Eventually I manage to get out, “How could you leave me all alone?”
And now her arms do wrap around me and I feel her rib cage shaking and I know that she is crying too.
* * *
—————
It is a long time before we are able to say anything, and when we do talk, it is not at all how I expected. She wants to know how the remodel turned out in the upstairs bathroom and whether you can take a shower now without freezing or getting burned. She asks what happened to Mrs. Peacham’s labradoodle, Roscoe, whom Lissa used to take for walks and who liked to pee in the spot where our own dog, Blister, had been buried, as if making some sort of offering to the dead. It is the little things she seems most interested in and then I realize that it is the little things that she has not been able to find out about on TV.
After a long while, I ask, “Why did you go?”
We are sitting on a narrow couch. Lissa’s feet are tucked up beneath her and I am lying
with my legs up over the armrest so that my head is on my sister’s knee. She smooths my hair back from my face.
“It’s complicated,” she tells me.
“Isn’t it always?”
Lissa leans her head back and looks up at a water mark on the ceiling.
“You know how it is there.

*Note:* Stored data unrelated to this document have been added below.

(* Let $\pi$ be a policy, $\gamma\in[0,1)$, and $q^*$ a probability density on $\mathcal{S}\times\mathcal{A}$. Assume that $d^{\pi,\gamma}(\bar s,\bar a)$, $d^{\pi,\gamma}(\bar s,\bar a\mid s,a)$, $\tilde d^{\pi,\gamma}(\bar s,\bar a)$ and $q^*(\bar s,\bar a)$ are strictly positive densities on their common support and that $$L:=\sup_{(\bar s,\bar a)}\left|\log \frac{d^{\pi,\gamma}(\bar s,\bar a)}{q^*(\bar s,\bar a)}\right|<\infty .$$ Then $$\mathbb{E}_{(s,a)\sim d^{\pi,\gamma}(\cdot,\cdot)}\Big[-\mathrm{KL}_{\bar s,\bar a}\big(d^{\pi,\gamma}(\bar s,\bar a\mid s,a)\,\|\,q^*(\bar s,\bar a)\big)\Big]\le -\mathrm{KL}_{\bar s,\bar a}\big(d^{\pi,\gamma}(\bar s,\bar a)\,\|\,q^*(\bar s,\bar a)\big)+L\sqrt{2\,\mathrm{KL}_{\bar s,\bar a}\big(d^{\pi,\gamma}(\bar s,\bar a)\,\|\,\tilde d^{\pi,\gamma}(\bar s,\bar a)\big)}.$$
   Context: Consider an infinite-horizon Markov decision process with state space $\mathcal{S}$, action space $\mathcal{A}$, initial state density $p_0$, transition density $p(s'\mid s,a)$, and discount factor $\gamma\in[0,1)$; a policy $\pi(a\mid s)$ is a conditional density over actions. (Densities are with respect to fixed reference measures, e.g. counting measure in the discrete case.) For $\Delta\ge 1$, $p^\pi_\Delta(\bar s\mid s,a)$ denotes the density of the state $s_\Delta$ when $s_0=s$, $a_0=a$, $a_t\sim\pi(\cdot\mid s_t)$ and $s_{t+1}\sim p(\cdot\mid s_t,a_t)$. The conditional state-action visitation distribution is $$d^{\pi,\gamma}(\bar s,\bar a\mid s,a)=(1-\gamma)\,\pi(\bar a\mid\bar s)\sum_{\Delta=1}^\infty\gamma^{\Delta-1}p^\pi_\Delta(\bar s\mid s,a).$$ The marginal (discounted) state-action visitation distribution is $d^{\pi,\gamma}(\bar s,\bar a)=(1-\gamma)\pi(\bar a\mid\bar s)\sum_{t=0}^\infty\gamma^t p^\pi_t(\bar s)$, where $p^\pi_t$ is the density of $s_t$ when $s_0\sim p_0$ and actions follow $\pi$. Finally $\tilde d^{\pi,\gamma}(\bar s,\bar a)=\mathbb{E}_{(s,a)\sim d^{\pi,\gamma}(\cdot,\cdot)}\big[d^{\pi,\gamma}(\bar s,\bar a\mid s,a)\big]$. $\mathrm{KL}$ denotes the Kullback–Leibler divergence. *)

theory Defs
  imports "HOL-Probability.Probability"
begin

text \<open>General MDP with densities w.r.t. reference measures Ms (states) and Ma (actions).
  p0 s = initial density, P s a s' = p(s' | s,a), pol s a = pi(a | s).\<close>

fun state_dens :: "'s measure \<Rightarrow> 'a measure \<Rightarrow> ('s \<Rightarrow> real) \<Rightarrow> ('s \<Rightarrow> 'a \<Rightarrow> 's \<Rightarrow> real)
    \<Rightarrow> ('s \<Rightarrow> 'a \<Rightarrow> real) \<Rightarrow> nat \<Rightarrow> 's \<Rightarrow> ennreal" where
  "state_dens Ms Ma p0 P pol 0 = (\<lambda>s. ennreal (p0 s))"
| "state_dens Ms Ma p0 P pol (Suc t) =
     (\<lambda>s'. \<integral>\<^sup>+ s. \<integral>\<^sup>+ a. state_dens Ms Ma p0 P pol t s * ennreal (pol s a * P s a s') \<partial>Ma \<partial>Ms)"

text \<open>cond_state_dens ... k s a sbar = p^pi_Delta(sbar | s,a) with Delta = k + 1.\<close>
fun cond_state_dens :: "'s measure \<Rightarrow> 'a measure \<Rightarrow> ('s \<Rightarrow> 'a \<Rightarrow> 's \<Rightarrow> real)
    \<Rightarrow> ('s \<Rightarrow> 'a \<Rightarrow> real) \<Rightarrow> nat \<Rightarrow> 's \<Rightarrow> 'a \<Rightarrow> 's \<Rightarrow> ennreal" where
  "cond_state_dens Ms Ma P pol 0 = (\<lambda>s a sb. ennreal (P s a sb))"
| "cond_state_dens Ms Ma P pol (Suc k) =
     (\<lambda>s a sb. \<integral>\<^sup>+ s'. \<integral>\<^sup>+ a'. cond_state_dens Ms Ma P pol k s a s' * ennreal (pol s' a' * P s' a' sb) \<partial>Ma \<partial>Ms)"

definition visit :: "'s measure \<Rightarrow> 'a measure \<Rightarrow> ('s \<Rightarrow> real) \<Rightarrow> ('s \<Rightarrow> 'a \<Rightarrow> 's \<Rightarrow> real)
    \<Rightarrow> ('s \<Rightarrow> 'a \<Rightarrow> real) \<Rightarrow> real \<Rightarrow> 's \<times> 'a \<Rightarrow> ennreal" where
  "visit Ms Ma p0 P pol \<gamma> = (\<lambda>(sb, ab).
     ennreal ((1 - \<gamma>) * pol sb ab) * (\<Sum>t. ennreal (\<gamma> ^ t) * state_dens Ms Ma p0 P pol t sb))"

definition cond_visit :: "'s measure \<Rightarrow> 'a measure \<Rightarrow> ('s \<Rightarrow> 'a \<Rightarrow> 's \<Rightarrow> real)
    \<Rightarrow> ('s \<Rightarrow> 'a \<Rightarrow> real) \<Rightarrow> real \<Rightarrow> 's \<times> 'a \<Rightarrow> 's \<times> 'a \<Rightarrow> ennreal" where
  "cond_visit Ms Ma P pol \<gamma> = (\<lambda>(s, a) (sb, ab).
     ennreal ((1 - \<gamma>) * pol sb ab) * (\<Sum>k. ennreal (\<gamma> ^ k) * cond_state_dens Ms Ma P pol k s a sb))"

definition tilde_visit :: "'s measure \<Rightarrow> 'a measure \<Rightarrow> ('s \<Rightarrow> real) \<Rightarrow> ('s \<Rightarrow> 'a \<Rightarrow> 's \<Rightarrow> real)
    \<Rightarrow> ('s \<Rightarrow> 'a \<Rightarrow> real) \<Rightarrow> real \<Rightarrow> 's \<times> 'a \<Rightarrow> ennreal" where
  "tilde_visit Ms Ma p0 P pol \<gamma> = (\<lambda>y.
     \<integral>\<^sup>+ z. visit Ms Ma p0 P pol \<gamma> z * cond_visit Ms Ma P pol \<gamma> z y \<partial>(Ms \<Otimes>\<^sub>M Ma))"

definition KL_dens :: "'b measure \<Rightarrow> ('b \<Rightarrow> real) \<Rightarrow> ('b \<Rightarrow> real) \<Rightarrow> ereal" where
  "KL_dens M f g = (if integrable M (\<lambda>x. f x * ln (f x / g x))
      then ereal (\<integral>x. f x * ln (f x / g x) \<partial>M) else \<infinity>)"

end

(* Let h = ln (d / q), which is bounded by L. For every start pair z, Gibbs' inequality
   KL(d(.|z) || q) - E_{d(.|z)}[h] = KL(d(.|z) || d) >= 0 bounds the KL divergence of the
   conditional visitation from below; averaging over z ~ d and using Fubini, the expected
   divergence is at least E_{tilde d}[h]. Replacing tilde d by d changes E[h] by at most
   L ||d - tilde d||_1, while E_d[h] = KL(d || q) and Pinsker's inequality gives
   ||d - tilde d||_1 <= sqrt (2 KL(d || tilde d)). *)

theory Submission
  imports Defs
begin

I was suffocating.”
“So it wasn’t anything more than that?”
I feel Lissa’s muscles tense, but even so, I know that if she tells me it was just the cameras she was trying to escape from, I’ll believe her. That’s how much I want it to be true.
Instead of saying no, she asks me, “Why?”
And because this is the entire reason I asked her here to see me, I say, “I’m pregnant.”
There is a moment when it is as if the air has gone out of the room because neither of us is breathing, but then it passes and Lissa says, “I was afraid of that.”
I sit up and face her, my eyes flashing. Saying it out loud to Lissa, I realize for the first time that I have decided to have this baby. Not by default. Not just because Roarke found me and I didn’t take the pills. I have decided that I want it no matter how he or she came to be.
“Aren’t you going to ask me who the father is?”
Lissa shakes her head and bites down hard on her lower lip. I can see the blood.
“I don’t have to,” she whispers finally. “I already know.”
* * *
—————
Candy calls not long after that to make sure we are on schedule for the campaign event. Mother had eventually conceded to announcing Caleb’s run at the bandstand in the town park rather than on the church lawn at the insistence of his campaign manager, a classmate from Yale named Ellory Lester who has become a sudden fixture and is now always at Caleb’s side. He went on about how the polling shows that Caleb has his work cut out for him with the secular voters in the district while, naturally, he’s got the evangelicals in the bag. This is why it is so important that the announcement be made in neutral territory. As a result, Roarke and I have to be ready before we leave the studio since there is nowhere to change once we get to the park.